**** MATERIAL SUPPLIED

(* (1) For every $k\geq 1$, every orderable $k$-hypergraph is separable. (2) For $k=1,2$, every separable $k$-hypergraph is orderable; but for each $k\geq 3$ there exists a separable $k$-hypergraph that is not orderable.
   Context: A $k$-hypergraph on a finite set $V$ is a set $\mathcal{H}$ of $k$-element subsets of $V$. Let $n=|V|$. $\mathcal{H}$ is orderable if there is an ordering $v_1,\dots,v_n$ of $V$ such that each $v_i$ is either dominating, meaning $E\in\mathcal{H}$ for every $k$-set $E$ with $v_i\in E\subseteq\{v_1,\dots,v_i\}$, or isolating, meaning $E\notin\mathcal{H}$ for every $k$-set $E$ with $v_i\in E\subseteq\{v_1,\dots,v_i\}$. $\mathcal{H}$ is separable if there is a labeling $a:V\to\mathbb{Z}$ such that $\mathcal{H}=\{E\subseteq V:|E|=k,\ \sum_{v\in E}a(v)\geq 0\}$. *)

theory Defs
  imports Main
begin

definition is_hypergraph :: "nat \<Rightarrow> 'a set \<Rightarrow> 'a set set \<Rightarrow> bool" where
  "is_hypergraph k V H \<longleftrightarrow> finite V \<and> (\<forall>E\<in>H. E \<subseteq> V \<and> card E = k)"

definition dominating :: "nat \<Rightarrow> 'a set set \<Rightarrow> 'a list \<Rightarrow> nat \<Rightarrow> bool" where
  "dominating k H vs i \<longleftrightarrow>
     (\<forall>E. card E = k \<and> vs ! i \<in> E \<and> E \<subseteq> set (take (Suc i) vs) \<longrightarrow> E \<in> H)"

definition isolating :: "nat \<Rightarrow> 'a set set \<Rightarrow> 'a list \<Rightarrow> nat \<Rightarrow> bool" where
  "isolating k H vs i \<longleftrightarrow>
     (\<forall>E. card E = k \<and> vs ! i \<in> E \<and> E \<subseteq> set (take (Suc i) vs) \<longrightarrow> E \<notin> H)"

definition orderable :: "nat \<Rightarrow> 'a set \<Rightarrow> 'a set set \<Rightarrow> bool" where
  "orderable k V H \<longleftrightarrow>
     (\<exists>vs. distinct vs \<and> set vs = V \<and>
        (\<forall>i < length vs. dominating k H vs i \<or> isolating k H vs i))"

definition separable :: "nat \<Rightarrow> 'a set \<Rightarrow> 'a set set \<Rightarrow> bool" where
  "separable k V H \<longleftrightarrow>
     (\<exists>a :: 'a \<Rightarrow> int. H = {E. E \<subseteq> V \<and> card E = k \<and> (\<Sum>v\<in>E. a v) \<ge> 0})"

end

theory Submission
  imports Defs
begin

text \<open>
  Orderable implies separable: label the vertices along the ordering, giving each new vertex a
  weight whose absolute value exceeds the total absolute weight of its predecessors, positive if
  it is dominating and negative if it is isolating; the new vertex then decides the sign of every
  k-set in which it is the last vertex.

  Separable implies orderable for k \<le> 2: list the vertices by increasing absolute weight,
  negative before positive on ties; the sign of a(u) + a(x) with u listed before x is the sign
  of a(x).

  For k \<ge> 3, take k + 1 vertices with weights 1, 1, -1, -1, 0, ..., 0. The total weight is 0,
  so V - {w} is an edge iff a(w) \<le> 0. Whichever vertex comes last, it lies in an edge
  V - {w} with a(w) = -1 and in a non-edge V - {w'} with a(w') = 1.
\<close>

definition separates :: "('a \<Rightarrow> int) \<Rightarrow> nat \<Rightarrow> 'a set \<Rightarrow> 'a set set \<Rightarrow> bool" where
  "separates a k V H \<longleftrightarrow> (\<forall>E. E \<subseteq> V \<and> card E = k \<longrightarrow> (E \<in> H \<longleftrightarrow> 0 \<le> sum a E))"

lemma separable_iff_separates:
  assumes "is_hypergraph k V H"
  shows "separable k V H \<longleftrightarrow> (\<exists>a. separates a k V H)"
proof
  assume "separable k V H"
  then obtain a :: "'a \<Rightarrow> int" where "H = {E. E \<subseteq> V \<and> card E = k \<and> 0 \<le> sum a E}"
    unfolding separable_def ..
  then have "separates a k V H"
    unfolding separates_def by simp
  then show "\<exists>a. separates a k V H"
    by (rule exI[of _ a])
next
  assume "\<exists>a. separates a k V H"
  then obtain a where "separates a k V H" ..
  then have "H = {E. E \<subseteq> V \<and> card E = k \<and> 0 \<le> sum a E}"
    using assms unfolding separates_def is_hypergraph_def by blast
  then show "separable k V H"
    unfolding separable_def by (rule exI[of _ a])
qed

lemma dominating_or_isolating_iff:
  "dominating k H vs i \<or> isolating k H vs i \<longleftrightarrow>
     (\<exists>P. \<forall>E. card E = k \<and> vs ! i \<in> E \<and> E \<subseteq> set (take (Suc i) vs) \<longrightarrow> (E \<in> H \<longleftrightarrow> P))"
    (is "_ \<longleftrightarrow> (\<exists>P. ?uniform P)")
proof
  assume "dominating k H vs i \<or> isolating k H vs i"
  then have "?uniform True \<or> ?uniform False"
    unfolding dominating_def isolating_def by simp
  then show "\<exists>P. ?uniform P"
    by blast
next
  assume "\<exists>P. ?uniform P"
  then obtain P where "?uniform P" ..
  then show "dominating k H vs i \<or> isolating k H vs i"
    unfolding dominating_def isolating_def by (cases P) simp_all
qed

lemma take_Suc_append_nth:
  assumes "i < length vs"
  shows "take (Suc i) (vs @ ws) = take (Suc i) vs" "(vs @ ws) ! i = vs ! i"
  using assms by (simp_all add: nth_append)

lemma dominating_append:
  "i < length vs \<Longrightarrow> dominating k H (vs @ ws) i = dominating k H vs i"
  unfolding dominating_def by (simp only: take_Suc_append_nth)

lemma isolating_append:
  "i < length vs \<Longrightarrow> isolating k H (vs @ ws) i = isolating k H vs i"
  unfolding isolating_def by (simp only: take_Suc_append_nth)

lemma separates_insert:
  assumes "finite U" and a: "separates a k U H"
    and v: "\<forall>E. card E = k \<and> v \<in> E \<and> E \<subseteq> insert v U \<longrightarrow> (E \<in> H \<longleftrightarrow> P)"
  shows "\<exists>b. separates b k (insert v U) H"
proof -
  define S where "S = (\<Sum>u\<in>U. \<bar>a u\<bar>)"
  define b where "b = a(v := if P then 1 + S else -(1 + S))"
  have "E \<in> H \<longleftrightarrow> 0 \<le> sum b E" if E: "E \<subseteq> insert v U" "card E = k" for E
  proof (cases "v \<in> E")
    case False
    then have "sum b E = sum a E"
      unfolding b_def by (intro sum.cong) auto
    with False E a show ?thesis
      unfolding separates_def by auto
  next
    case True
    have rest: "E - {v} \<subseteq> U"
      using E by auto
    then have "finite (E - {v})"
      using \<open>finite U\<close> finite_subset by blast
    then have "sum b E = b v + sum a (E - {v})"
      using True unfolding b_def by (simp add: sum.remove)
    moreover have "\<bar>sum a (E - {v})\<bar> \<le> S"
    proof -
      have "\<bar>sum a (E - {v})\<bar> \<le> (\<Sum>u\<in>E - {v}. \<bar>a u\<bar>)"
        by (rule sum_abs)
      also have "\<dots> \<le> S"
        unfolding S_def using \<open>finite U\<close> rest by (rule sum_mono2) simp
      finally show ?thesis .
    qed
    ultimately have "0 \<le> sum b E \<longleftrightarrow> P"
      unfolding b_def by auto
    with v E True show ?thesis
      by blast
  qed
  then show ?thesis
    unfolding separates_def by blast
qed

lemma separates_if_dominating_or_isolating:
  assumes "k \<ge> 1" and "\<forall>i < length vs. dominating k H vs i \<or> isolating k H vs i"
  shows "\<exists>a. separates a k (set vs) H"
  using assms(2)
proof (induction vs rule: rev_induct)
  case Nil
  show ?case
    using \<open>k \<ge> 1\<close> by (simp add: separates_def)
next
  case (snoc v vs)
  have "\<forall>i < length vs. dominating k H vs i \<or> isolating k H vs i"
  proof (intro allI impI)
    fix i
    assume i: "i < length vs"
    then have "dominating k H (vs @ [v]) i \<or> isolating k H (vs @ [v]) i"
      using snoc.prems by simp
    with i show "dominating k H vs i \<or> isolating k H vs i"
      by (simp add: dominating_append isolating_append)
  qed
  then obtain a where "separates a k (set vs) H"
    using snoc.IH by blast
  moreover have "\<exists>P. \<forall>E. card E = k \<and> v \<in> E \<and> E \<subseteq> insert v (set vs) \<longrightarrow> (E \<in> H \<longleftrightarrow> P)"
    using snoc.prems dominating_or_isolating_iff[of k H "vs @ [v]" "length vs"] by simp
  ultimately show ?case
    using separates_insert[of "set vs" _ k H v] by auto
qed

text \<open>Sends 0, -1, 1, -2, 2, ... to 0, 1, 2, 3, 4, ...: by absolute value, negatives first.\<close>
definition magnitude_rank :: "int \<Rightarrow> int" where
  "magnitude_rank p = (if 0 \<le> p then 2 * p else -2 * p - 1)"

lemma sum_nonneg_iff_if_magnitude_rank_le:
  "magnitude_rank p \<le> magnitude_rank q \<Longrightarrow> 0 \<le> p + q \<longleftrightarrow> 0 \<le> q"
  unfolding magnitude_rank_def by (auto split: if_splits)

lemma sorted_key_take_le:
  assumes "sorted (map f vs)" "i < length vs" "u \<in> set (take (Suc i) vs)"
  shows "f u \<le> f (vs ! i)"
proof -
  obtain j where "j < length (take (Suc i) vs)" "take (Suc i) vs ! j = u"
    using assms(3) by (meson in_set_conv_nth)
  then have "j \<le> i" "vs ! j = u"
    by simp_all
  then show ?thesis
    using sorted_nth_mono[OF assms(1), of j i] assms(2) by simp
qed

lemma orderable_if_separates:
  assumes k: "k = 1 \<or> k = 2" and "finite V" and a: "separates a k V H"
  shows "orderable k V H"
proof -
  obtain xs where xs: "distinct xs" "set xs = V"
    using finite_distinct_list[OF \<open>finite V\<close>] by blast
  define vs where "vs = sort_key (magnitude_rank \<circ> a) xs"
  have vs: "distinct vs" "set vs = V" "sorted (map (magnitude_rank \<circ> a) vs)"
    using xs unfolding vs_def by simp_all
  have "dominating k H vs i \<or> isolating k H vs i" if i: "i < length vs" for i
  proof -
    let ?x = "vs ! i"
    have "E \<in> H \<longleftrightarrow> 0 \<le> a ?x"
      if E: "card E = k" "?x \<in> E" "E \<subseteq> set (take (Suc i) vs)" for E
    proof -
      have "0 \<le> sum a E \<longleftrightarrow> 0 \<le> a ?x"
      proof (cases "k = 1")
        case True
        then obtain y where "E = {y}"
          using E(1) card_1_singletonE by blast
        with E(2) show ?thesis
          by simp
      next
        case False
        with k E(1) have "card E = 2"
          by simp
        then obtain y z where "E = {y, z}" "y \<noteq> z"
          unfolding card_2_iff by blast
        with E(2) obtain u where u: "E = {u, ?x}" "u \<noteq> ?x"
          by blast
        then have "magnitude_rank (a u) \<le> magnitude_rank (a ?x)"
          using sorted_key_take_le[OF vs(3) i] E(3) by auto
        with u show ?thesis
          by (simp add: sum_nonneg_iff_if_magnitude_rank_le)
      qed
      moreover have "set (take (Suc i) vs) \<subseteq> V"
        unfolding vs(2)[symmetric] by (rule set_take_subset)
      with E(3) have "E \<subseteq> V"
        by (rule subset_trans)
      ultimately show ?thesis
        using a E(1) unfolding separates_def by blast
    qed
    then show ?thesis
      unfolding dominating_or_isolating_iff by blast
  qed
  with vs show ?thesis
    unfolding orderable_def by blast
qed

lemma not_orderable_if_last_vertex_undecided:
  assumes card: "card V = Suc k"
    and undecided: "\<And>v. v \<in> V \<Longrightarrow> \<exists>w\<in>V - {v}. \<exists>w'\<in>V - {v}. V - {w} \<in> H \<and> V - {w'} \<notin> H"
  shows "\<not> orderable k V H"
proof
  assume "orderable k V H"
  then obtain vs where vs: "distinct vs" "set vs = V"
    and ord: "\<forall>i < length vs. dominating k H vs i \<or> isolating k H vs i"
    unfolding orderable_def by blast
  have len: "length vs = Suc k"
    using distinct_card[OF vs(1)] vs(2) card by simp
  then obtain P where P: "\<forall>E. card E = k \<and> vs ! k \<in> E \<and> E \<subseteq> V \<longrightarrow> (E \<in> H \<longleftrightarrow> P)"
    using ord vs(2) dominating_or_isolating_iff[of k H vs k] by auto
  have last: "vs ! k \<in> V"
    using len vs(2) nth_mem by fastforce
  have "finite V"
    using card card.infinite by fastforce
  have "V - {u} \<in> H \<longleftrightarrow> P" if "u \<in> V - {vs ! k}" for u
  proof -
    have "card (V - {u}) = k"
      using that card \<open>finite V\<close> by simp
    moreover have "vs ! k \<in> V - {u}"
      using that last by auto
    ultimately show ?thesis
      using P by blast
  qed
  with undecided[OF last] show False
    by blast
qed

definition example_weight :: "nat \<Rightarrow> int" where
  "example_weight n = (if n < 2 then 1 else if n < 4 then -1 else 0)"

lemma sum_example_weight:
  assumes "k \<ge> 3"
  shows "sum example_weight {0..k} = 0"
proof -
  have "sum example_weight {0..k} = sum example_weight {0..3}"
    using assms by (intro sum.mono_neutral_right) (auto simp: example_weight_def)
  also have "\<dots> = 0"
    by (simp add: example_weight_def numeral_eq_Suc)
  finally show ?thesis .
qed

lemma separable_not_orderable_example:
  fixes k :: nat
  assumes "k \<ge> 3"
  defines "V \<equiv> {0..k}"
    and "H \<equiv> {E. E \<subseteq> {0..k} \<and> card E = k \<and> 0 \<le> sum example_weight E}"
  shows "is_hypergraph k V H" "separable k V H" "\<not> orderable k V H"
proof -
  show "is_hypergraph k V H"
    unfolding is_hypergraph_def H_def V_def by auto
  show "separable k V H"
    unfolding separable_def H_def V_def by (rule exI[of _ example_weight]) (rule refl)
  have complement: "V - {w} \<in> H \<longleftrightarrow> example_weight w \<le> 0" if "w \<in> V" for w
  proof -
    have "sum example_weight (V - {w}) = - example_weight w"
      using sum_diff1[of V example_weight w] sum_example_weight[OF assms(1)] that
      unfolding V_def by simp
    then show ?thesis
      using that unfolding H_def V_def by simp
  qed
  show "\<not> orderable k V H"
  proof (rule not_orderable_if_last_vertex_undecided)
    show "card V = Suc k"
      unfolding V_def by simp
    fix v
    obtain w :: nat where "w \<in> {2, 3}" "w \<noteq> v"
      by (cases "v = 2") auto
    moreover obtain w' :: nat where "w' \<in> {0, 1}" "w' \<noteq> v"
      by (cases "v = 0") auto
    ultimately show "\<exists>w\<in>V - {v}. \<exists>w'\<in>V - {v}. V - {w} \<in> H \<and> V - {w'} \<notin> H"
      using assms(1) complement unfolding V_def
      by (intro bexI[of _ w] bexI[of _ w']) (auto simp: example_weight_def)
  qed
qed

theorem proposition3:
  shows "(\<forall>(k::nat) (V::'a set) H. k \<ge> 1 \<longrightarrow> is_hypergraph k V H \<longrightarrow>
            orderable k V H \<longrightarrow> separable k V H)
       \<and> (\<forall>(k::nat) (V::'a set) H. (k = 1 \<or> k = 2) \<longrightarrow> is_hypergraph k V H \<longrightarrow>
            separable k V H \<longrightarrow> orderable k V H)
       \<and> (\<forall>k::nat. k \<ge> 3 \<longrightarrow>
            (\<exists>(V::nat set) H. is_hypergraph k V H \<and> separable k V H \<and> \<not> orderable k V H))"
proof (intro conjI allI impI)
  fix k :: nat and V :: "'a set" and H
  assume "k \<ge> 1" and hyp: "is_hypergraph k V H" and "orderable k V H"
  then obtain vs where "set vs = V" "\<forall>i < length vs. dominating k H vs i \<or> isolating k H vs i"
    unfolding orderable_def by blast
  with \<open>k \<ge> 1\<close> obtain a where "separates a k V H"
    using separates_if_dominating_or_isolating by blast
  with hyp show "separable k V H"
    using separable_iff_separates by blast
next
  fix k :: nat and V :: "'a set" and H
  assume k: "k = 1 \<or> k = 2" and hyp: "is_hypergraph k V H" and "separable k V H"
  then obtain a where "separates a k V H"
    using separable_iff_separates by blast
  moreover have "finite V"
    using hyp unfolding is_hypergraph_def by blast
  ultimately show "orderable k V H"
    using k orderable_if_separates by blast
next
  fix k :: nat
  assume "k \<ge> 3"
  then show "\<exists>(V::nat set) H. is_hypergraph k V H \<and> separable k V H \<and> \<not> orderable k V H"
    using separable_not_orderable_example by blast
qed

end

********

## TASK INSTRUCTIONS
In the entries above, find each line containing the string "prems" and copy it.

## ANSWER TO THIS PROBLEM
      using snoc.prems by simp
    using snoc.prems dominating_or_isolating_iff[of k H "vs @ [v]" "length vs"] by simp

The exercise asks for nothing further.